[Saved data entries]
::::

lemma green_cross_flip_integral:
  assumes "green_step_integral n c"
    and uw: "u \<in> hyp_vertices n" "w \<in> hyp_vertices n" and "i < n" "j < n"
  shows "c * green_cross n u (flip u i) w (flip w j) \<in> \<int>"
proof -
  define s where "s = sym_diff u w"
  have s: "s \<subseteq> {..<n}" using sym_diff_subset_hyp[OF uw] by (simp add: s_def)
  have cross: "green_cross n u (flip u i) w (flip w j)
      = (green_radial n (card (flip (flip s i) j)) - green_radial n (card (flip s i)))
        - (green_radial n (card (flip s j)) - green_radial n (card s))"
    by (simp add: green_cross_def green_def sym_diff_flip_left sym_diff_flip_right s_def)
  show ?thesis
  proof (cases "i = j")
    case True
    then have "c * green_cross n u (flip u i) w (flip w j)
        = - (c * (2 * (green_radial n (card (flip s i)) - green_radial n (card s))))"
      unfolding cross by (simp add: algebra_simps)
    then show ?thesis
      using green_radial_flip_twice_integral[OF assms(1) s \<open>i < n\<close>] by simp
  next
    case False
    then show ?thesis
      using green_radial_flip_flip_integral[OF assms(1) s \<open>i < n\<close> \<open>j < n\<close>] unfolding cross by simp
  qed
qed

lemma green_cross_add_left: "green_cross n u v w w' + green_cross n v v' w w' = green_cross n u v' w w'"
  by (simp add: green_cross_def)

lemma green_cross_add_right: "green_cross n u v w w' + green_cross n u v w' w'' = green_cross n u v w w''"
  by (simp add: green_cross_def)

lemma green_cross_integral_if_green_step_integral:
  assumes "green_step_integral n c"
  shows "green_cross_integral n c"
proof -
  have adjacent: "c * green_cross n u (flip u i) w w' \<in> \<int>"
    if "u \<in> hyp_vertices n" "i < n" "w \<in> hyp_vertices n" "w' \<in> hyp_vertices n" for u i w w'
    using that(3,4)
  proof (induction rule: hyp_vertices_path_induct)
    case (step w j)
    show ?case using green_cross_flip_integral[OF assms that(1) step(1) that(2) step(2)] .
  next
    case (trans w w' w'')
    then show ?case using green_cross_add_right[of n u "flip u i" w w' w''] Ints_add
      by (metis distrib_left)
  qed (simp add: green_cross_def)
  have "\<forall>w\<in>hyp_vertices n. \<forall>w'\<in>hyp_vertices n. c * green_cross n u v w w' \<in> \<int>"
    if "u \<in> hyp_vertices n" "v \<in> hyp_vertices n" for u v
    using that
  proof (induction rule: hyp_vertices_path_induct)
    case (refl u)
    show ?case by (simp add: green_cross_def)
  next
    case (step u i)
    then show ?case using adjacent by blast
  next
    case (trans u v v')
    then show ?case using green_cross_add_left[of n u v _ _ v'] Ints_add
      by (metis distrib_left)
  qed
  then show ?thesis
    unfolding green_cross_integral_def by blast
qed

lemma green_cross_integral_iff_green_step_integral:
  "green_cross_integral n c \<longleftrightarrow> green_step_integral n c"
  using green_cross_integral_if_green_step_integral green_step_integral_if_green_cross_integral by blast

lemma rat_common_denominator:
  fixes A :: "rat set"
  assumes "finite A"
  shows "\<exists>C::nat. C > 0 \<and> (\<forall>q\<in>A. of_nat C * q \<in> \<int>)"
  using assms
proof (induction rule: finite_induct)
  case (insert q A)
  obtain C :: nat where C: "C > 0" "\<forall>p\<in>A. of_nat C * p \<in> \<int>"
    using insert.IH by blast
  obtain a d where ad: "quotient_of q = (a, d)" by fastforce
  have "d > 0" using quotient_of_denom_pos[OF ad] .
  then have "of_int d * q = of_int a"
    using quotient_of_div[OF ad] by simp
  have scale: "of_nat (C * nat d) * p = of_int d * (of_nat C * p)" for p :: rat
    using \<open>d > 0\<close> by simp
  have "of_nat (C * nat d) * p \<in> \<int>" if "p \<in> insert q A" for p
  proof (cases "p = q")
    case True
    have "of_nat (C * nat d) * q = of_nat C * of_int a"
      unfolding scale using \<open>of_int d * q = of_int a\<close> by (metis mult.left_commute)
    then show ?thesis using True by (metis Ints_mult Ints_of_int Ints_of_nat)
  next
    case False
    then show ?thesis
      unfolding scale using C(2) that by (simp add: Ints_mult)
  qed
  then show ?case using C(1) \<open>d > 0\<close> by (intro exI[of _ "C * nat d"]) simp
qed (rule exI[of _ 1], simp)

lemma ex_green_cross_integral: "\<exists>C::nat. C > 0 \<and> green_cross_integral n (of_nat C)"
proof -
  let ?V = "hyp_vertices n"
  have "finite ((\<lambda>(u, v, w, w'). green_cross n u v w w') ` (?V \<times> ?V \<times> ?V \<times> ?V))"
    by simp
  from rat_common_denominator[OF this] show ?thesis
    unfolding green_cross_integral_def by fastforce
qed

section \<open>The sandpile group\<close>

lemma lap_green_potential:
  fixes y :: "nat set \<Rightarrow> rat"
  assumes "n \<ge> 1" "u \<in> hyp_vertices n" "(\<Sum>t\<in>hyp_vertices n. y t) = 0"
  shows "lap n (\<lambda>w. (\<Sum>t\<in>hyp_vertices n. y t * green n t w) - K) u = y u"
proof -
  let ?V = "hyp_vertices n"
  have "lap n (\<lambda>w. (\<Sum>t\<in>?V. y t * green n t w) - K) u = (\<Sum>t\<in>?V. y t * lap n (green n t) u)"
    by (rule lap_linear_combination)
  also have "\<dots> = (\<Sum>t\<in>?V. (if u = t then y t else 0) - y t / 2 ^ n)"
  proof (intro sum.cong refl)
    fix t assume "t \<in> ?V"
    then show "y t * lap n (green n t) u = (if u = t then y t else 0) - y t / 2 ^ n"
      unfolding lap_green[OF assms(1) \<open>t \<in> ?V\<close> assms(2)] by (simp add: right_diff_distrib)
  qed
  also have "\<dots> = y u - (\<Sum>t\<in>?V. y t) / 2 ^ n"
    using assms(2) by (simp add: sum_subtractf sum_divide_distrib)
  finally show ?thesis using assms(3) by simp
qed

lemma lap_pairing_green_diff:
  fixes F :: "nat set \<Rightarrow> rat"
  assumes "n \<ge> 1" "w \<in> hyp_vertices n" "w' \<in> hyp_vertices n"
  shows "(\<Sum>t\<in>hyp_vertices n. lap n F t * (green n w t - green n w' t)) = F w - F w'"
proof -
  let ?V = "hyp_vertices n"
  have "(\<Sum>t\<in>?V. lap n F t * (green n w t - green n w' t))
      = (\<Sum>t\<in>?V. F t * lap n (\<lambda>t. green n w t - green n w' t) t)"
    by (rule lap_self_adjoint)
  also have "\<dots> = (\<Sum>t\<in>?V. (if t = w then F t else 0) - (if t = w' then F t else 0))"
  proof (intro sum.cong refl)
    fix t assume "t \<in> ?V"
    then show "F t * lap n (\<lambda>t. green n w t - green n w' t) t
        = (if t = w then F t else 0) - (if t = w' then F t else 0)"
      unfolding lap_diff lap_green[OF assms(1,2) \<open>t \<in> ?V\<close>] lap_green[OF assms(1,3) \<open>t \<in> ?V\<close>]
      by (simp add: right_diff_distrib)
  qed
  also have "\<dots> = F w - F w'"
    using assms(2,3) by (simp add: sum_subtractf)
  finally show ?thesis .
qed

lemma sum_eq_0_if_coker_torsion:
  assumes "coker_torsion n x"
  shows "(\<Sum>u\<in>hyp_vertices n. x u) = 0"
proof -
  obtain m :: nat and f where "m > 0" and f: "\<forall>u\<in>hyp_vertices n. int m * x u = hyp_laplacian n f u"
    using assms unfolding coker_torsion_def in_lap_image_def by blast
  have "int m * (\<Sum>u\<in>hyp_vertices n. x u) = (\<Sum>u\<in>hyp_vertices n. lap n f u)"
    using f by (simp add: sum_distrib_left hyp_laplacian_eq_lap)
  also have "\<dots> = 0" by (rule sum_lap_eq_0)
  finally show ?thesis using \<open>m > 0\<close> by simp
qed
lemma reaches_leaf_or_leaf_scc:
  assumes A: "A \<subseteq> {1..n} \<times> {1..n}" and loop_free: "\<forall>i. (i, i) \<notin> A"
    and u: "u \<in> {1..n}"
  shows "(\<exists>w \<in> leaf_vertices n A. (u, w) \<in> A\<^sup>*) \<or>
         (\<exists>S. is_leaf_scc n A S \<and> (\<forall>v\<in>S. (u, v) \<in> A\<^sup>*))"
proof -
  have "A\<^sup>* `` {v} \<subseteq> insert v {1..n}" for v
    using A by (auto elim: rtranclE)
  then have fin: "finite (A\<^sup>* `` {v})" for v
    by (rule finite_subset) simp
  obtain w where uw: "(u, w) \<in> A\<^sup>*" and bottom: "\<And>v. (w, v) \<in> A\<^sup>* \<Longrightarrow> (v, w) \<in> A\<^sup>*"
    using exists_reachable_bottom[OF fin] by blast
  have w: "w \<in> {1..n}" using reachable_subset_vertices[OF A u] uw by blast
  show ?thesis
  proof (cases "card (A\<^sup>* `` {w}) \<ge> 2")
    case True
    have "is_leaf_scc n A (A\<^sup>* `` {w})" by (rule is_leaf_scc_reachable_bottom[OF A w bottom True])
    moreover have "\<forall>v \<in> A\<^sup>* `` {w}. (u, v) \<in> A\<^sup>*" using uw by (auto intro: rtrancl_trans)
    ultimately show ?thesis by blast
  next
    case False
    then have "card (A\<^sup>* `` {w}) \<le> Suc 0" by simp
    then have "A\<^sup>* `` {w} = {w}" using card_le_Suc0_iff_eq[OF fin] by blast
    then have "(w, j) \<notin> A" for j
      using loop_free by (metis Image_singleton_iff r_into_rtrancl singletonD)
    then have "w \<in> leaf_vertices n A" using w unfolding leaf_vertices_def by auto
    then show ?thesis using uw by blast
  qed
qed

lemma leaf_scc_nonempty_subset:
  "is_leaf_scc n A S \<Longrightarrow> S \<noteq> {} \<and> S \<subseteq> {1..n}"
  unfolding is_leaf_scc_def is_scc_def by auto

lemma finite_leaf_sccs: "finite {S. is_leaf_scc n A S}"
proof -
  have "{S. is_leaf_scc n A S} \<subseteq> Pow {1..n}" using leaf_scc_nonempty_subset by blast
  then show ?thesis by (rule finite_subset) simp
qed

lemma reaches_leaf_or_leaf_scc_representative:
  assumes A: "A \<subseteq> {1..n} \<times> {1..n}" and loop_free: "\<forall>i. (i, i) \<notin> A"
    and m: "\<forall>S. is_leaf_scc n A S \<longrightarrow> m S \<in> S" and u: "u \<in> {1..n}"
  shows "\<exists>r \<in> leaf_vertices n A \<union> m ` {S. is_leaf_scc n A S}. (u, r) \<in> A\<^sup>*"
  using reaches_leaf_or_leaf_scc[OF A loop_free u]
proof
  assume "\<exists>w \<in> leaf_vertices n A. (u, w) \<in> A\<^sup>*"
  then show ?thesis by blast
next
  assume "\<exists>S. is_leaf_scc n A S \<and> (\<forall>v\<in>S. (u, v) \<in> A\<^sup>*)"
  then obtain S where "is_leaf_scc n A S" "\<forall>v\<in>S. (u, v) \<in> A\<^sup>*" by blast
  then show ?thesis using m by blast
qed

lemma Min_witness_choice:
  assumes "\<forall>S \<in> F. finite S \<and> S \<noteq> {}"
  obtains m where "\<forall>S \<in> F. m S \<in> S \<and> f (m S) = Min (f ` S)"
proof -
  have "\<forall>S \<in> F. \<exists>v. v \<in> S \<and> f v = Min (f ` S)"
  proof
    fix S assume "S \<in> F"
    then have "Min (f ` S) \<in> f ` S" using assms by simp
    then show "\<exists>v. v \<in> S \<and> f v = Min (f ` S)" by force
  qed
  then have "\<exists>m. \<forall>S \<in> F. m S \<in> S \<and> f (m S) = Min (f ` S)" by (rule bchoice)
  then show ?thesis using that by blast
qed

lemma sum_Un_image_le:
  fixes f :: "'a \<Rightarrow> nat"
  assumes "finite L" "finite F"
  shows "sum f (L \<union> m ` F) \<le> sum f L + (\<Sum>S\<in>F. f (m S))"
proof -
  have "sum f (L \<union> m ` F) \<le> sum f L + sum f (m ` F)"
    using sum_Un_nat[of L "m ` F" f] assms by simp
  also have "sum f (m ` F) \<le> (\<Sum>S\<in>F. f (m S))"
    using sum_image_le[OF assms(2), of f m] by (simp add: comp_def)
  finally show ?thesis by simp
qed

theorem theorem1:
  fixes n :: nat and q :: "nat \<Rightarrow> nat" and A :: "(nat \<times> nat) set"
  assumes "A \<subseteq> {1..n} \<times> {1..n}"
    and "\<forall>i. (i, i) \<notin> A"
    and "\<forall>i \<in> {1..n}. q i \<ge> 1"
  shows "int (opt_len n q A) \<ge>
           (\<Sum>k \<in> {1..n}. int (q k)) - (\<Sum>i \<in> leaf_vertices n A. int (q i))
           - (\<Sum>S \<in> {S. is_leaf_scc n A S}. int (Min (q ` S)))"
proof -
  define LS where "LS = {S. is_leaf_scc n A S}"
  have LS: "\<forall>S \<in> LS. S \<noteq> {} \<and> S \<subseteq> {1..n}"
    unfolding LS_def using leaf_scc_nonempty_subset by blast
  then obtain m where m: "\<forall>S \<in> LS. m S \<in> S \<and> q (m S) = Min (q ` S)"
    using finite_subset[of _ "{1..n}"] by (metis Min_witness_choice finite_atLeastAtMost)
  define R where "R = leaf_vertices n A \<union> m ` LS"
  have "R \<subseteq> {1..n}" using m LS unfolding R_def leaf_vertices_def by blast
  moreover have "\<forall>u\<in>{1..n}. \<exists>r\<in>R. (u, r) \<in> A\<^sup>*"
    using reaches_leaf_or_leaf_scc_representative[OF assms(1,2)] m
    unfolding R_def LS_def by blast
  ultimately have "(\<Sum>k\<in>{1..n}. q k) \<le> opt_len n q A + sum q R"
    by (rule opt_len_lower_bound[OF assms(1)])
  also have "sum q R \<le> (\<Sum>i\<in>leaf_vertices n A. q i) + (\<Sum>S\<in>LS. q (m S))"
    unfolding R_def LS_def by (rule sum_Un_image_le) (simp_all add: leaf_vertices_def finite_leaf_sccs)
  also have "(\<Sum>S\<in>LS. q (m S)) = (\<Sum>S\<in>LS. Min (q ` S))"
    using m by (intro sum.cong) auto
  finally have "int (\<Sum>k\<in>{1..n}. q k)
      \<le> int (opt_len n q A) + int (\<Sum>i\<in>leaf_vertices n A. q i) + int (\<Sum>S\<in>LS. Min (q ` S))"
    by linarith
  then show ?thesis unfolding LS_def by (simp add: of_nat_sum)
qed

end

::::

THE PROBLEM: Nothing but an exact copy of the lines from the start of the entries through the line containing "define s where" belongs in the response.

WRITTEN RESPONSE:
lemma green_cross_flip_integral:
  assumes "green_step_integral n c"
    and uw: "u \<in> hyp_vertices n" "w \<in> hyp_vertices n" and "i < n" "j < n"
  shows "c * green_cross n u (flip u i) w (flip w j) \<in> \<int>"
proof -
  define s where "s = sym_diff u w"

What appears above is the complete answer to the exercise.